The Chelm story is a crooked mirror. In order that the comedy of the warped lines properly impact, the reflections must always by found near the objects that become deformed in it. Only in confrontation with reality can the proper comedic effect by summoned.

* * *

A Chelm story can be recognized from a mile away. It contains a definite established nucleus around which moves the comedy and situation.

The comedy of the Chelm story is built upon a kind of principle of humor. It is literally a golden treasure for a certain theory of laughter.

The comedy of Chelm achieves its result automatically as a human effect.

This automatic result is a consequence of not noticing and not comprehending the consequences of an action.

The comedy of the actions of the heroes of the Chelm stories consists in their inventing for themselves a certain fiction and carrying it out, not seeing what follows in the end.

The comic effect becomes clear because the actions of the Chelmers lack the natural logical connection between cause and result.

It is automatically one-dimensional and perfunctory; this is the stumbling point of Chelm's good will.

When Chelm buys an extinguisher in order to fight fires in the city, this is actually a logical wish realized in fiction. This fiction becomes comical only when a second cause and another fiction (the walling in of the extinguisher with a thick brick wall, in order that thieves would not be able to steal it), makes void the first effort. The mechanism, the way the fiction is automatically carried out, not taking into account its effect, brings out laughter among those with normal human judgment.
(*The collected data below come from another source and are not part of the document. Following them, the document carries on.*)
lemma finite_free_generators_of_degree:
  assumes "free_homog_generators Y F"
  shows "finite {y \<in> Y. homog_degree y = d}"
proof -
  have "(\<lambda>y. [y]) ` {y \<in> Y. homog_degree y = d} \<subseteq> weighted_lists homog_degree Y d"
    by (auto simp: weighted_lists_def)
  then have "finite ((\<lambda>y. [y]) ` {y \<in> Y. homog_degree y = d})"
    using free_homog_generators_graded_dim[OF assms] finite_subset by blast
  then show ?thesis by (rule finite_imageD) (auto simp: inj_on_def)
qed

lemma weighted_lists_0:
  assumes "\<And>a. a \<in> A \<Longrightarrow> \<delta> a > 0"
  shows "weighted_lists \<delta> A 0 = {[]}"
proof -
  have "xs = []" if "xs \<in> weighted_lists \<delta> A 0" for xs
    using that assms[of "hd xs"] by (cases xs) (auto simp: weighted_lists_def)
  then show ?thesis by (auto simp: weighted_lists_def)
qed

lemma weighted_lists_decompose:
  assumes "\<And>a. a \<in> A \<Longrightarrow> \<delta> a > 0" "k > 0"
  shows "weighted_lists \<delta> A k =
    (\<Union>d\<in>{1..k}. (\<lambda>(a, xs). a # xs) ` ({a \<in> A. \<delta> a = d} \<times> weighted_lists \<delta> A (k - d)))"
    (is "_ = ?U")
proof (intro equalityI subsetI)
  fix xs assume xs: "xs \<in> weighted_lists \<delta> A k"
  then obtain a ys where "xs = a # ys" "a \<in> A" "ys \<in> lists A" "\<delta> a + (\<Sum>y\<leftarrow>ys. \<delta> y) = k"
    using assms(2) by (cases xs) (auto simp: weighted_lists_def)
  moreover have "\<delta> a > 0" using assms(1) \<open>a \<in> A\<close> by blast
  ultimately show "xs \<in> ?U"
    by (auto simp: weighted_lists_def intro!: bexI[of _ "\<delta> a"] image_eqI[of _ _ "(a, ys)"])
qed (auto simp: weighted_lists_def)

lemma card_weighted_lists:
  assumes pos: "\<And>a. a \<in> A \<Longrightarrow> \<delta> a > 0"
    and fin_A: "\<And>d. finite {a \<in> A. \<delta> a = d}"
    and fin_L: "\<And>j. finite (weighted_lists \<delta> A j)"
    and "k > 0"
  shows "card (weighted_lists \<delta> A k) =
    (\<Sum>d=1..k. card {a \<in> A. \<delta> a = d} * card (weighted_lists \<delta> A (k - d)))"
proof -
  let ?piece = "\<lambda>d. (\<lambda>(a, xs). a # xs) ` ({a \<in> A. \<delta> a = d} \<times> weighted_lists \<delta> A (k - d))"
  have inj: "inj_on (\<lambda>(a, xs). a # xs) X" for X :: "('a \<times> 'a list) set"
    by (auto simp: inj_on_def)
  have "card (weighted_lists \<delta> A k) = card (\<Union>d\<in>{1..k}. ?piece d)"
    using weighted_lists_decompose[of A \<delta> k, OF pos \<open>k > 0\<close>] by simp
  also have "\<dots> = (\<Sum>d=1..k. card (?piece d))"
    by (rule card_UN_disjoint) (use fin_A fin_L in auto)
  also have "\<dots> = (\<Sum>d=1..k. card {a \<in> A. \<delta> a = d} * card (weighted_lists \<delta> A (k - d)))"
    by (simp add: card_image[OF inj] card_cartesian_product)
  finally show ?thesis .
qed

definition hilbert_series :: "ncpoly set \<Rightarrow> complex fps" where
  "hilbert_series F = Abs_fps (\<lambda>k. of_nat (graded_dim F k))"

definition degree_series :: "ncpoly set \<Rightarrow> complex fps" where
  "degree_series Y = Abs_fps (\<lambda>d. of_nat (card {y \<in> Y. nc_homog d y}))"
lemma biregular_small_mirror_rel:
  assumes "finite V1" "finite V2" "card V1 = n" "card V2 = n" "n \<le> 5" "biregular V1 V2 A k"
  shows "mirror_rel V1 V2 A"
proof (cases "V1 = {}")
  case True
  then show ?thesis
    using assms(2-4) by (auto simp: mirror_rel_def mirror_bij_def bij_betw_def)
next
  case False
  then obtain x where x: "x \<in> V1"
    by blast
  have "k = card {v\<in>V2. A x v}"
    using assms(6) x by (simp add: biregular_def)
  also have "\<dots> \<le> n"
    using assms(2,4) card_mono[of V2 "{v\<in>V2. A x v}"] by auto
  finally consider "k \<le> 2" | "n - k \<le> 2"
    using assms(5) by linarith
  then show ?thesis
  proof cases
    case 1
    then show ?thesis
      using assms by (intro biregular_le_2_mirror_rel[of V1 V2 A k]) auto
  next
    case 2
    have "biregular V1 V2 (\<lambda>u v. \<not> A u v) (n - k)"
      using assms(1-4,6) by (rule biregular_complement)
    then have "mirror_rel V1 V2 (\<lambda>u v. \<not> A u v)"
      using 2 assms(1-4) by (intro biregular_le_2_mirror_rel) auto
    then show ?thesis
      by (simp add: mirror_rel_complement)
  qed
qed

subsection \<open>Bipartite graphs\<close>

lemma bipartite_graph_swap: "bipartite_graph V1 V2 E \<Longrightarrow> bipartite_graph V2 V1 E"
  unfolding bipartite_graph_def by (metis insert_commute Int_commute)

lemma degree_bipartite:
  assumes "bipartite_graph V1 V2 E" "u \<in> V1"
  shows "degree E u = card {v\<in>V2. {u, v} \<in> E}"
proof -
  have "{e\<in>E. u \<in> e} = (\<lambda>v. {u, v}) ` {v\<in>V2. {u, v} \<in> E}"
    using assms unfolding bipartite_graph_def by fastforce
  moreover have "inj_on (\<lambda>v. {u, v}) {v\<in>V2. {u, v} \<in> E}"
    by (auto simp: inj_on_def doubleton_eq_iff)
  ultimately show ?thesis
    unfolding degree_def by (simp add: card_image)
qed

lemma biregular_if_regular:
  assumes "bipartite_graph V1 V2 E" "regular_graph (V1 \<union> V2) E"
  obtains k where "biregular V1 V2 (\<lambda>u v. {u, v} \<in> E) k"
proof -
  obtain k where k: "\<forall>x\<in>V1 \<union> V2. degree E x = k"
    using assms(2) unfolding regular_graph_def by blast
  have "card {v\<in>V2. {u, v} \<in> E} = k" if "u \<in> V1" for u
    using k that degree_bipartite[OF assms(1)] by auto
  moreover have "card {u\<in>V1. {u, v} \<in> E} = k" if "v \<in> V2" for v
    using k that degree_bipartite[OF bipartite_graph_swap[OF assms(1)]] by (auto simp: insert_commute)
  ultimately have "biregular V1 V2 (\<lambda>u v. {u, v} \<in> E) k"
    by (simp add: biregular_def)
  then show ?thesis
    by (rule that)
qed

lemma mirror_iff_mirror_rel: "mirror V1 V2 E \<longleftrightarrow> mirror_rel V1 V2 (\<lambda>u v. {u, v} \<in> E)"
  unfolding mirror_def mirror_rel_def mirror_bij_def by (simp add: insert_commute)

theorem proposition1:
  fixes V1 V2 :: "'a set" and E :: "'a set set" and n :: nat
  assumes "bipartite_graph V1 V2 E"
    and "regular_graph (V1 \<union> V2) E"
    and "card V1 = n" and "card V2 = n"
    and "\<not> mirror V1 V2 E"
  shows "n \<ge> 6"
proof (rule ccontr)
  assume "\<not> n \<ge> 6"
  then have "n \<le> 5"
    by simp
  obtain k where "biregular V1 V2 (\<lambda>u v. {u, v} \<in> E) k"
    using assms(1,2) by (rule biregular_if_regular)
  moreover have "finite V1" "finite V2"
    using assms(1) by (auto simp: bipartite_graph_def)
  ultimately have "mirror_rel V1 V2 (\<lambda>u v. {u, v} \<in> E)"
    using biregular_small_mirror_rel assms(3,4) \<open>n \<le> 5\<close> by blast
  then show False
    using assms(5) mirror_iff_mirror_rel by blast
qed

end
(* Let $1/n\ll \beta \ll\xi, \mu$. Let $K_{2n+1}$ be 2-factorized. Suppose that $V_0\subseteq V(K_{2n+1})$ and $D_0\subseteq C(K_{2n+1})$ are $\mu$-random subsets which are independent of each other. Then, with high probability, the following holds. Let $C,\bar{C}\subseteq C(K_{2n+1})$ and $X,\bar{V},Z\subseteq V(K_{2n+1})$ satisfy $|\bar{C}|,|\bar{V}|\leq \beta n$ and $|C|\leq 100$, and suppose that $X,Z$ are disjoint and $(X,Z)$ is $(\xi n)$-replete. Then there are sets $X'\subseteq X\setminus \bar{V}$, $C'\subseteq D_0\setminus \bar{C}$ and $V'\subseteq (V_0\cup Z)\setminus \bar{V}$ with $|X'|=|C|$, $|C'|=|C|-1$ and $|V'|\leq 3|C|$ such that, for every $c\in C$, there is a perfect $(C'\cup \{c\})$-rainbow matching from $X'$ to $V'$.
   Context: A 2-factorization of $K_{2n+1}$ is an edge-colouring in which every vertex is incident to exactly 2 edges of each colour; $C(K_{2n+1})$ is its colour set. A $q$-random subset contains each element independently with probability $q$. For disjoint $W,Y$, $(W,Y)$ is $\ell$-replete if for every colour at least $\ell$ edges of that colour join $W$ to $Y$. A perfect $D$-rainbow matching from $X'$ to $V'$ is a matching covering every vertex of $X'$, each edge joining $X'$ to $V'$, with distinct colours all in $D$. "With high probability": probability $1-o(1)$ as $n\to\infty$. $a\ll b,c$ means the statement holds whenever $a\le \min(b,c)^K/K$ for a suitable fixed absolute constant $K$; $1/n\ll\cdots$ entails $n$ large. *)

theory Defs
  imports "HOL-Probability.Probability"
begin

definition verts :: "nat \<Rightarrow> nat set" where
  "verts n = {..<2*n+1}"

definition Kedges :: "nat \<Rightarrow> nat set set" where
  "Kedges n = {e. \<exists>u v. u \<noteq> v \<and> u \<in> verts n \<and> v \<in> verts n \<and> e = {u, v}}"

definition colours :: "nat \<Rightarrow> (nat set \<Rightarrow> 'c) \<Rightarrow> 'c set" where
  "colours n col = col ` Kedges n"

definition two_factorization :: "nat \<Rightarrow> (nat set \<Rightarrow> 'c) \<Rightarrow> bool" where
  "two_factorization n col \<longleftrightarrow>
     (\<forall>v\<in>verts n. \<forall>c\<in>colours n col. card {e \<in> Kedges n. v \<in> e \<and> col e = c} = 2)"

definition random_subset :: "real \<Rightarrow> 'a set \<Rightarrow> 'a set pmf" where
  "random_subset q A = map_pmf (\<lambda>f. {x\<in>A. f x}) (Pi_pmf A False (\<lambda>_. bernoulli_pmf q))"

definition replete :: "nat \<Rightarrow> (nat set \<Rightarrow> 'c) \<Rightarrow> real \<Rightarrow> nat set \<Rightarrow> nat set \<Rightarrow> bool" where
  "replete n col l W Y \<longleftrightarrow> W \<inter> Y = {} \<and>
     (\<forall>c\<in>colours n col.
        real (card {e \<in> Kedges n. col e = c \<and> (\<exists>w\<in>W. \<exists>y\<in>Y. e = {w, y})}) \<ge> l)"

definition perfect_rainbow_matching ::
  "nat \<Rightarrow> (nat set \<Rightarrow> 'c) \<Rightarrow> 'c set \<Rightarrow> nat set \<Rightarrow> nat set \<Rightarrow> nat set set \<Rightarrow> bool" where
  "perfect_rainbow_matching n col D X' V' M \<longleftrightarrow>
     M \<subseteq> Kedges n \<and>
     (\<forall>e\<in>M. \<forall>e'\<in>M. e \<noteq> e' \<longrightarrow> e \<inter> e' = {}) \<and>
     (\<forall>x\<in>X'. \<exists>e\<in>M. x \<in> e) \<and>
     (\<forall>e\<in>M. \<exists>x\<in>X'. \<exists>v\<in>V' - X'. e = {x, v}) \<and>
     inj_on col M \<and> col ` M \<subseteq> D"

definition lemma4p1_property ::
  "nat \<Rightarrow> (nat set \<Rightarrow> 'c) \<Rightarrow> real \<Rightarrow> real \<Rightarrow> nat set \<Rightarrow> 'c set \<Rightarrow> bool" where
  "lemma4p1_property n col \<beta> \<xi> V0 D0 \<longleftrightarrow>
     (\<forall>C Cbar X Vbar Z.
        C \<subseteq> colours n col \<longrightarrow> Cbar \<subseteq> colours n col \<longrightarrow>
        X \<subseteq> verts n \<longrightarrow> Vbar \<subseteq> verts n \<longrightarrow> Z \<subseteq> verts n \<longrightarrow>
        real (card Cbar) \<le> \<beta> * n \<longrightarrow> real (card Vbar) \<le> \<beta> * n \<longrightarrow> card C \<le> 100 \<longrightarrow>
        X \<inter> Z = {} \<longrightarrow> replete n col (\<xi> * n) X Z \<longrightarrow>
        (\<exists>X' C' V'. X' \<subseteq> X - Vbar \<and> C' \<subseteq> D0 - Cbar \<and> V' \<subseteq> (V0 \<union> Z) - Vbar \<and>
           card X' = card C \<and> card C' = card C - 1 \<and> card V' \<le> 3 * card C \<and>
           (\<forall>c\<in>C. \<exists>M. perfect_rainbow_matching n col (C' \<union> {c}) X' V' M)))"

end
(* The Hopf algebra $H_{\operatorname{NAP}}$ is a free commutative algebra on the elements $\mathsf{F}_{[t]}$ where $t$ runs over the unlabeled rooted trees whose root has exactly one child (root-valence $1$).
   Context: $\Pi_{\operatorname{NAP}}(I)$ is the set of forests of rooted trees with vertex set exactly $I$, ordered by: $y$ covers $x$ iff $y$ is obtained from $x$ by adding an edge from the root of one component of $x$ to the root of another component (the latter root remaining the root); $\widehat{0}$ is the forest of one-vertex trees. For a rooted tree $t$ on $I$, $[\widehat{0},t]$ is an interval in $\Pi_{\operatorname{NAP}}(I)$, whose isomorphism class depends only on the unlabeled tree underlying $t$. $H_{\operatorname{NAP}}$ is the incidence Hopf algebra (Schmitt's construction) of this family: it has a basis $\mathsf{F}_{[Q]}$ indexed by isomorphism classes of finite products $Q$ of posets $[\widehat{0},t]$ ($t$ rooted trees), product $\mathsf{F}_{[Q]}\mathsf{F}_{[Q']}=\mathsf{F}_{[Q\times Q']}$, unit the class of the one-element poset, coproduct $\Delta\mathsf{F}_{[Q]}=\sum_{x\in Q}\mathsf{F}_{[\widehat{0},x]}\otimes\mathsf{F}_{[x,\widehat{1}]}$. We write $\mathsf{F}_{[t]}=\mathsf{F}_{[[\widehat{0},t]]}$. *)

theory Defs
  imports Main "HOL-Library.Multiset"
begin

type_synonym forest = "(nat \<times> nat) set"   (* edges (child, parent) *)
type_synonym pelt = "forest list"
type_synonym poset = "pelt set \<times> (pelt \<Rightarrow> pelt \<Rightarrow> bool)"
type_synonym pclass = "poset set"

definition is_forest :: "nat set \<Rightarrow> forest \<Rightarrow> bool" where
  "is_forest I E \<longleftrightarrow> finite I \<and> E \<subseteq> I \<times> I \<and>
     (\<forall>v w w'. (v,w) \<in> E \<and> (v,w') \<in> E \<longrightarrow> w = w') \<and> (\<forall>v. (v,v) \<notin> E\<^sup>+)"

definition roots :: "nat set \<Rightarrow> forest \<Rightarrow> nat set" where
  "roots I E = {v \<in> I. \<forall>w. (v,w) \<notin> E}"

definition nap_covers :: "nat set \<Rightarrow> forest \<Rightarrow> forest \<Rightarrow> bool" where
  "nap_covers I x y \<longleftrightarrow> (\<exists>r1 r2. r1 \<in> roots I x \<and> r2 \<in> roots I x \<and> r1 \<noteq> r2 \<and>
       y = insert (r1, r2) x)"

definition nap_le :: "nat set \<Rightarrow> forest \<Rightarrow> forest \<Rightarrow> bool" where
  "nap_le I x y \<longleftrightarrow> is_forest I x \<and> is_forest I y \<and> (nap_covers I)\<^sup>*\<^sup>* x y"

definition is_tree :: "nat set \<Rightarrow> forest \<Rightarrow> bool" where
  "is_tree I t \<longleftrightarrow> is_forest I t \<and> card (roots I t) = 1"

definition root_valence_one :: "nat set \<Rightarrow> forest \<Rightarrow> bool" where
  "root_valence_one I t \<longleftrightarrow> (\<exists>r. roots I t = {r} \<and> card {v. (v, r) \<in> t} = 1)"

definition prodI :: "(nat set \<times> forest) list \<Rightarrow> poset" where
  "prodI ts = ({xs. length xs = length ts \<and>
        (\<forall>i<length ts. nap_le (fst (ts!i)) {} (xs!i) \<and> nap_le (fst (ts!i)) (xs!i) (snd (ts!i)))},
     \<lambda>xs ys. \<forall>i<length ts. nap_le (fst (ts!i)) (xs!i) (ys!i))"

definition poset_iso :: "poset \<Rightarrow> poset \<Rightarrow> bool" where
  "poset_iso P Q \<longleftrightarrow> (\<exists>f. bij_betw f (fst P) (fst Q) \<and>
      (\<forall>x\<in>fst P. \<forall>y\<in>fst P. snd P x y \<longleftrightarrow> snd Q (f x) (f y)))"

definition cls :: "poset \<Rightarrow> pclass" where
  "cls P = {Q. poset_iso P Q}"

definition tree_list :: "(nat set \<times> forest) list \<Rightarrow> bool" where
  "tree_list ts \<longleftrightarrow> (\<forall>p\<in>set ts. is_tree (fst p) (snd p))"

definition nap_basis :: "pclass set" where
  "nap_basis = {cls (prodI ts) | ts. tree_list ts}"

definition rep :: "pclass \<Rightarrow> (nat set \<times> forest) list" where
  "rep A = (SOME ts. tree_list ts \<and> A = cls (prodI ts))"

definition cls_prod :: "pclass \<Rightarrow> pclass \<Rightarrow> pclass" where
  "cls_prod A B = cls (prodI (rep A @ rep B))"

definition HNAP :: "(pclass \<Rightarrow> 'k::field) set" where
  "HNAP = {h. finite {C. h C \<noteq> 0} \<and> {C. h C \<noteq> 0} \<subseteq> nap_basis}"

definition basisF :: "pclass \<Rightarrow> (pclass \<Rightarrow> 'k::field)" where
  "basisF C = (\<lambda>D. if D = C then 1 else 0)"

definition nap_mult :: "(pclass \<Rightarrow> 'k::field) \<Rightarrow> (pclass \<Rightarrow> 'k) \<Rightarrow> (pclass \<Rightarrow> 'k)" where
  "nap_mult a b = (\<lambda>C. \<Sum>(A,B)\<in>{(A,B). a A \<noteq> 0 \<and> b B \<noteq> 0 \<and> cls_prod A B = C}. a A * b B)"

definition nap_one :: "pclass \<Rightarrow> 'k::field" where
  "nap_one = basisF (cls (prodI []))"

definition nap_gens :: "(pclass \<Rightarrow> 'k::field) set" where
  "nap_gens = {basisF (cls (prodI [(I, t)])) | I t. is_tree I t \<and> root_valence_one I t}"

definition monomial_of :: "('a \<Rightarrow> 'a \<Rightarrow> 'a) \<Rightarrow> 'a \<Rightarrow> 'a multiset \<Rightarrow> 'a" where
  "monomial_of mul one M = foldr mul (SOME xs. mset xs = M) one"

definition free_comm_alg_on ::
  "('i \<Rightarrow> 'k::field) set \<Rightarrow> (('i \<Rightarrow> 'k) \<Rightarrow> ('i \<Rightarrow> 'k) \<Rightarrow> ('i \<Rightarrow> 'k)) \<Rightarrow> ('i \<Rightarrow> 'k)
     \<Rightarrow> ('i \<Rightarrow> 'k) set \<Rightarrow> bool" where
  "free_comm_alg_on H mul one G \<longleftrightarrow>
     (\<forall>a\<in>H. \<forall>b\<in>H. mul a b = mul b a) \<and>
     (\<forall>M. set_mset M \<subseteq> G \<longrightarrow> monomial_of mul one M \<in> H) \<and>
     (\<forall>S c. finite S \<and> S \<subseteq> {M. set_mset M \<subseteq> G} \<and>
        (\<lambda>x. \<Sum>M\<in>S. c M * monomial_of mul one M x) = (\<lambda>_. 0) \<longrightarrow> (\<forall>M\<in>S. c M = 0)) \<and>
     (\<forall>h\<in>H. \<exists>S c. finite S \<and> S \<subseteq> {M. set_mset M \<subseteq> G} \<and>
        h = (\<lambda>x. \<Sum>M\<in>S. c M * monomial_of mul one M x))"

end

theory Submission
  imports Defs
begin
The Chelm story is an example of good intentions, which in the reality of life, become transformed into their opposite with laughter guarding the person against the routine in life; and with laughter over the Chelmer actions, we guard against the routine that transforms our fiction into the opposite of that which we wanted. In this manner, the folk experience wanted to underline that good will is not enough; this good will must be recognized; that means one must take from the understanding and consider the attendant phenomena of each fiction and bind it with the understanding of the intention.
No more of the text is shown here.